9.4. How long are those cookies stored on your device
The storage period may depend on cookies type, but it is no longer than necessary to achieve their purpose and will be automatically removed from your system thereafter. For example, session cookies expire at the end of the session (when you close the page or browser window).
9.5. Who else has access to the information contained in the cookies
Personal data collected through cookies placed on your device may be transmitted to and accessed by the Company or the third parties referred to in Section 5 hereof.
The use of personal data outside of the Service may be subject to separate policies available on the above third parties’ websites.
9.6. How you could manage the cookies
What happens at first time?
The first time that you use the Service, your approval for the use of the cookies may be requested.

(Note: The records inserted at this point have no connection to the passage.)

lemma extremal_ray_notin_convex_cone_hull:
  assumes "convex_cone C" "ray u face_of C" "S \<subseteq> C"
    and "u \<noteq> 0" "u \<notin> S" "\<forall>s\<in>S. norm s = norm u"
  shows "u \<notin> convex_cone hull S"
proof
  assume "u \<in> convex_cone hull S"
  moreover have "u \<in> ray u"
    by (simp add: ray_eq_conic_hull hull_inc)
  ultimately have "u \<in> convex_cone hull (S \<inter> ray u)"
    using convex_cone_hull_Int_conic_face[OF assms(1,2) conic_ray assms(3)] by blast
  moreover have "S \<inter> ray u = {}"
    using assms(5,6) ray_eq_if_norm_eq by blast
  ultimately show False
    using assms(4) by simp
qed

lemma mem_cdual: "w \<in> cdual A \<longleftrightarrow> (\<forall>a\<in>A. dist a w \<le> 1)"
  by (auto simp: cdual_def)

lemma cdual_antimono: "A \<subseteq> B \<Longrightarrow> cdual B \<subseteq> cdual A"
  by (auto simp: cdual_def)

lemma subset_cdual_cdual: "A \<subseteq> cdual (cdual A)"
  by (auto simp: mem_cdual) (metis dist_commute)

lemma cdual_cdual_cdual [simp]: "cdual (cdual (cdual A)) = cdual A"
  by (meson cdual_antimono subset_cdual_cdual subset_antisym)

lemma closed_cdual: "closed (cdual A)"
  unfolding cdual_def by auto

lemma convex_cdual: "convex (cdual A)"
  unfolding cdual_def by (auto intro!: convex_INT)

lemma S_class_iff: "K \<in> S_class \<longleftrightarrow> cdual (cdual K) = K"
  by (auto simp: S_class_def)

lemma convex_hull_subset_conv_c: "convex hull A \<subseteq> conv_c A"
  unfolding conv_c_def by (intro hull_minimal subset_cdual_cdual convex_cdual)

lemma conv_c_subset_S_class:
  assumes "K \<in> S_class" "p \<in> K" "q \<in> K"
  shows "conv_c {p, q} \<subseteq> K"
  using assms cdual_antimono[of "{p, q}" K] cdual_antimono[of _ "cdual {p, q}"]
  unfolding S_class_iff conv_c_def by blast

lemma Outrad_lessE:
  assumes "Outrad K < ereal r"
  obtains z R where "R < r" "K \<subseteq> cball z R"
  using assms by (auto simp: Outrad_def Inf_less_iff)

lemma compact_cdual:
  fixes A :: "'a::euclidean_space set"
  assumes "A \<noteq> {}"
  shows "compact (cdual A)"
proof -
  obtain a where "a \<in> A"
    using assms by blast
  then have "cdual A \<subseteq> cball a 1"
    by (auto simp: mem_cdual)
  then show ?thesis
    using closed_cdual bounded_subset[OF bounded_cball] by (auto simp: compact_eq_bounded_closed)
qed

lemma dist_unit_shift_le_1_iff:
  fixes g y w :: "'a::euclidean_space"
  assumes "norm g = 1"
  shows "dist (y - g) w \<le> 1 \<longleftrightarrow> inner (w - y) (w - y) + 2 * inner g (w - y) \<le> 0"
proof -
  have "inner g g = 1"
    using assms by (simp add: dot_square_norm)
  then have "(dist (y - g) w)\<^sup>2 = inner (w - y) (w - y) + 2 * inner g (w - y) + 1"
    by (simp add: dist_norm power2_norm_eq_inner algebra_simps inner_commute)
  moreover have "dist (y - g) w \<le> 1 \<longleftrightarrow> (dist (y - g) w)\<^sup>2 \<le> 1"
    using abs_square_le_1[of "dist (y - g) w"] by simp
  ultimately show ?thesis
    by simp
qed

lemma unit_combination_mem_conv_c:
  fixes g h y :: "'a::euclidean_space"
  assumes g: "norm g = 1" and h: "norm h = 1" and "0 \<le> \<alpha>" "0 \<le> \<beta>"
    and m: "norm (\<alpha> *\<^sub>R g + \<beta> *\<^sub>R h) = 1"
  shows "y - (\<alpha> *\<^sub>R g + \<beta> *\<^sub>R h) \<in> conv_c {y - g, y - h}"
proof -
  define m where "m = \<alpha> *\<^sub>R g + \<beta> *\<^sub>R h"
  have "1 \<le> \<alpha> + \<beta>"
    using norm_triangle_ineq[of "\<alpha> *\<^sub>R g" "\<beta> *\<^sub>R h"] assms by simp
  have "dist (y - m) w \<le> 1" if w: "w \<in> cdual {y - g, y - h}" for w
  proof -
    define v where "v = w - y"
    have gv: "inner v v + 2 * inner g v \<le> 0" and hv: "inner v v + 2 * inner h v \<le> 0"
      using w g h by (auto simp: mem_cdual v_def dist_unit_shift_le_1_iff)
    have "\<alpha> * (2 * inner g v) \<le> \<alpha> * - inner v v"
      by (rule mult_left_mono[OF _ \<open>0 \<le> \<alpha>\<close>]) (use gv in linarith)
    moreover have "\<beta> * (2 * inner h v) \<le> \<beta> * - inner v v"
      by (rule mult_left_mono[OF _ \<open>0 \<le> \<beta>\<close>]) (use hv in linarith)
    ultimately have "inner v v + 2 * inner m v \<le> (1 - (\<alpha> + \<beta>)) * inner v v"
      by (simp add: m_def algebra_simps)
    also have "\<dots> \<le> 0"
      using \<open>1 \<le> \<alpha> + \<beta>\<close> by (simp add: mult_nonpos_nonneg)
    finally show ?thesis
      using m by (simp add: dist_unit_shift_le_1_iff m_def v_def)
  qed
  then show ?thesis
    by (auto simp: conv_c_def mem_cdual dist_commute m_def)
qed

definition far_directions :: "'a::euclidean_space set \<Rightarrow> 'a \<Rightarrow> 'a set" where
  "far_directions K y = {g. norm g = 1 \<and> y - g \<in> K}"

lemma compact_far_directions:
  fixes K :: "'a::euclidean_space set"
  assumes "compact K"
  shows "compact (far_directions K y)"
proof -
  have "far_directions K y = (\<lambda>k. y - k) ` K \<inter> sphere 0 1"
    by (force simp: far_directions_def)
  moreover have "compact ((\<lambda>k. y - k) ` K)"
    by (intro compact_continuous_image continuous_intros assms)
  ultimately show ?thesis
    by (simp add: compact_Int_closed)
qed

lemma far_directions_subset_unit_normals: "far_directions K y \<subseteq> unit_normals (cdual K) y"
proof
  fix g assume g: "g \<in> far_directions K y"
  have "inner g (w - y) \<le> 0" if "w \<in> cdual K" for w
  proof -
    have "norm g = 1" "dist (y - g) w \<le> 1"
      using g that by (auto simp: far_directions_def mem_cdual)
    then have "inner (w - y) (w - y) + 2 * inner g (w - y) \<le> 0"
      by (simp add: dist_unit_shift_le_1_iff)
    then show ?thesis
      using inner_ge_zero[of "w - y"] by linarith
  qed
  then show "g \<in> unit_normals (cdual K) y"
    using g by (simp add: far_directions_def unit_normals_def)
qed

lemma far_directions_pointed:
  fixes K :: "'a::euclidean_space set"
  assumes "K \<subseteq> cball z R" "R < 1"
  shows "\<exists>d. \<forall>g\<in>far_directions K y. inner d g \<le> -1"
proof (cases "R < 0")
  case True
  then have "far_directions K y = {}"
    using assms(1) by (auto simp: far_directions_def)
  then show ?thesis by simp
next
  case False
  then have R: "R\<^sup>2 < 1"
    using assms(2) by (simp add: abs_square_less_1)
  have "2 * inner (z - y) g \<le> R\<^sup>2 - 1" if g: "g \<in> far_directions K y" for g
  proof -
    have "norm g = 1" "dist z (y - g) \<le> R"
      using g assms(1) by (auto simp: far_directions_def)
    then have "(norm (z - y + g))\<^sup>2 \<le> R\<^sup>2"
      by (simp add: dist_norm power_mono algebra_simps)
    moreover have "(norm (z - y + g))\<^sup>2 = (norm (z - y))\<^sup>2 + 2 * inner (z - y) g + 1"
      using \<open>norm g = 1\<close>
      by (simp add: power2_norm_eq_inner inner_add_left inner_add_right inner_commute
          flip: power2_norm_eq_inner[of g])
    ultimately show ?thesis
      using zero_le_power2[of "norm (z - y)"] by linarith
  qed
  then have "\<forall>g\<in>far_directions K y. inner ((2 / (1 - R\<^sup>2)) *\<^sub>R (z - y)) g \<le> -1"
    using R by (simp add: divide_simps)
  then show ?thesis ..
qed

lemma convex_conic_hull_far_directions:
  assumes "K \<in> S_class"
  shows "convex (conic hull (far_directions K y))"
proof (rule convexI)
  let ?G = "far_directions K y"
  fix a b and s t :: real
  assume "a \<in> conic hull ?G" "b \<in> conic hull ?G" "0 \<le> s" "0 \<le> t" "s + t = 1"
  then obtain \<alpha> g \<beta> h where a: "a = \<alpha> *\<^sub>R g" "0 \<le> \<alpha>" "g \<in> ?G"
    and b: "b = \<beta> *\<^sub>R h" "0 \<le> \<beta>" "h \<in> ?G"
    by (auto simp: conic_hull_explicit)
  define v where "v = s *\<^sub>R a + t *\<^sub>R b"
  show "s *\<^sub>R a + t *\<^sub>R b \<in> conic hull ?G"
  proof (cases "v = 0")
    case True
    then show ?thesis
      using a(3) by (auto simp: v_def)
  next
    case False
    define m where "m = (1 / norm v) *\<^sub>R v"
    have "norm m = 1"
      using False by (simp add: m_def)
    moreover have m: "m = (s * \<alpha> / norm v) *\<^sub>R g + (t * \<beta> / norm v) *\<^sub>R h"
      by (simp add: m_def v_def a b scaleR_add_right)
    ultimately have "y - m \<in> conv_c {y - g, y - h}"
      using a b \<open>0 \<le> s\<close> \<open>0 \<le> t\<close>
      by (simp only: m) (rule unit_combination_mem_conv_c, auto simp: far_directions_def)
    also have "\<dots> \<subseteq> K"
      using assms a(3) b(3) by (intro conv_c_subset_S_class) (auto simp: far_directions_def)
    finally have "m \<in> ?G"
      using \<open>norm m = 1\<close> by (simp add: far_directions_def)
    moreover have "v = norm v *\<^sub>R m"
      using False by (simp add: m_def)
    ultimately show ?thesis
      by (metis v_def conic_conic_hull conic_mul hull_inc norm_ge_zero)
  qed
qed

lemma cdual_margin:
  fixes K :: "'a::euclidean_space set"
  assumes K: "compact K" and y: "y \<in> cdual K" and "0 < \<epsilon>"
    and e: "\<forall>g\<in>far_directions K y. inner e g \<le> -\<epsilon>"
  obtains m where "m < 1" "\<forall>k\<in>K. -\<epsilon>/2 \<le> inner e (y - k) \<longrightarrow> dist y k \<le> m"
proof -
  define K' where "K' = K \<inter> {k. -\<epsilon>/2 \<le> inner e (y - k)}"
  have "compact K'"
    unfolding K'_def by (intro compact_Int_closed K closed_Collect_le continuous_intros)
  moreover have "K' \<subseteq> ball y 1"
  proof
    fix k assume k: "k \<in> K'"
    then have "dist y k \<le> 1"
      using y by (auto simp: K'_def mem_cdual dist_commute)
    moreover have "dist y k \<noteq> 1"
      using k e \<open>0 < \<epsilon>\<close> by (force simp: K'_def far_directions_def dist_norm)
    ultimately show "k \<in> ball y 1"
      by simp
  qed
  ultimately obtain m where "m < 1" "K' \<subseteq> cball y m"
    by (rule compact_subset_ball_imp_cball)
  then show ?thesis
    by (intro that[of m]) (auto simp: K'_def)
qed

lemma cdual_step:
  fixes K :: "'a::euclidean_space set"
  assumes K: "compact K" and y: "y \<in> cdual K" and "0 < \<epsilon>"
    and e: "\<forall>g\<in>far_directions K y. inner e g \<le> -\<epsilon>"
  shows "\<exists>t>0. y + t *\<^sub>R e \<in> cdual K"
proof -
  obtain m where "m < 1" and m: "\<forall>k\<in>K. -\<epsilon>/2 \<le> inner e (y - k) \<longrightarrow> dist y k \<le> m"
    using cdual_margin[OF assms] by blast
  define t where "t = min ((1 - m) / (norm e + 1)) (\<epsilon> / (inner e e + 1))"
  have "0 < t"
    using \<open>m < 1\<close> \<open>0 < \<epsilon>\<close> by (simp add: t_def add_nonneg_pos)
  have "t * (norm e + 1) \<le> 1 - m" "t * (inner e e + 1) \<le> \<epsilon>"
    unfolding t_def by (simp_all add: add_nonneg_pos min_le_iff_disj flip: pos_le_divide_eq)
  then have t: "t * norm e \<le> 1 - m" "t * inner e e \<le> \<epsilon>"
    using \<open>0 < t\<close> by (simp_all add: algebra_simps)
  have "dist k (y + t *\<^sub>R e) \<le> 1" if "k \<in> K" for k
  proof (cases "-\<epsilon>/2 \<le> inner e (y - k)")
    case True
    then have "dist y k \<le> m"
      using m that by blast
    then show ?thesis
      using dist_triangle[of k "y + t *\<^sub>R e" y] t(1) \<open>0 < t\<close>
      by (simp add: dist_commute dist_norm)
  next
    case False
    then have "2 * inner e (y - k) \<le> - \<epsilon>"
      by simp
    moreover have "norm (y - k) \<le> 1"
      using y that by (simp add: mem_cdual dist_norm norm_minus_commute)
    ultimately have "norm (y - k + t *\<^sub>R e) \<le> 1"
      using \<open>0 < t\<close> t(2) by (intro norm_add_scaleR_le_1) auto
    then show ?thesis
      by (simp add: dist_norm norm_minus_commute algebra_simps)
  qed
  then show ?thesis
    using \<open>0 < t\<close> by (auto simp: mem_cdual)
qed

lemma cdual_escape:
  fixes K :: "'a::euclidean_space set"
  assumes "compact K" "y \<in> cdual K" "\<forall>g\<in>far_directions K y. inner d g \<le> -1"
    and "v \<notin> convex_cone hull (far_directions K y)"
  obtains e t where "0 < t" "0 < inner e v" "y + t *\<^sub>R e \<in> cdual K"
  using separate_from_pointed_convex_cone_hull[OF compact_far_directions[OF assms(1)] assms(3,4)]
    cdual_step[OF assms(1,2)] by metis

lemma unit_normals_eq_far_directions:
  fixes K :: "'a::euclidean_space set"
  assumes K: "K \<in> S_class" "K \<subseteq> cball z R" "R < 1" and y: "y \<in> cdual K"
  shows "unit_normals (cdual K) y = far_directions K y"
proof
  let ?G = "far_directions K y"
  show "unit_normals (cdual K) y \<subseteq> ?G"
  proof
    fix v assume v: "v \<in> unit_normals (cdual K) y"
    have "compact K"
      using K closed_cdual[of "cdual K"] bounded_subset[OF bounded_cball]
      by (simp add: S_class_iff compact_eq_bounded_closed)
    obtain d where "\<forall>g\<in>?G. inner d g \<le> -1"
      using far_directions_pointed[OF K(2,3)] by blast
    have "v \<in> convex_cone hull ?G"
    proof (rule ccontr)
      assume "v \<notin> convex_cone hull ?G"
      then obtain e t where "0 < t" "0 < inner e v" "y + t *\<^sub>R e \<in> cdual K"
        using cdual_escape \<open>compact K\<close> y \<open>\<forall>g\<in>?G. inner d g \<le> -1\<close> by blast
      moreover have "inner v ((y + t *\<^sub>R e) - y) \<le> 0"
        using v \<open>y + t *\<^sub>R e \<in> cdual K\<close> by (auto simp: unit_normals_def)
      ultimately show False
        by (simp add: inner_commute mult_le_0_iff)
    qed
    moreover have "v \<noteq> 0"
      using v by (auto simp: unit_normals_def)
    ultimately have "?G \<noteq> {}"
      by auto
    then have "convex_cone hull ?G \<subseteq> conic hull ?G"
      using K(1) by (intro hull_minimal hull_subset)
        (simp add: convex_cone_def conic_conic_hull convex_conic_hull_far_directions conic_hull_eq_empty)
    then obtain c g where "v = c *\<^sub>R g" "0 \<le> c" "g \<in> ?G"
      using \<open>v \<in> convex_cone hull ?G\<close> by (auto simp: conic_hull_explicit)
    moreover from this have "c = 1"
      using v by (simp add: unit_normals_def far_directions_def)
    ultimately show "v \<in> ?G"
      by simp
  qed
qed (rule far_directions_subset_unit_normals)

In this case, technical cookies are installed automatically when the page is loaded, unless otherwise specified in the browser settings.
How to change my choice?
If after you have approved the use of cookies you want to make another choice, you can do this by deleting the cookies stored by your browser (usually via the options in your browser’s Privacy menu – please refer to your browser’s manual or developer’s website). The popup requesting your approval may then show up again and you can make a different choice.
What if I do not want to give my consent?
If you do not consent to the use of cookies, certain features of the Service might become unavailable, which may affect your browsing experience.
Can I manage cookies in my browser?
You may also set up your browser preferences to accept or decline by default all cookies or cookies from specific websites.
10. How we update this Policy
This Policy may be amended from time to time.
The Company shall be entitled to make such amendments at its own discretion, including, without limitation, to reflect changes in applicable legislation or functionalities of the Service.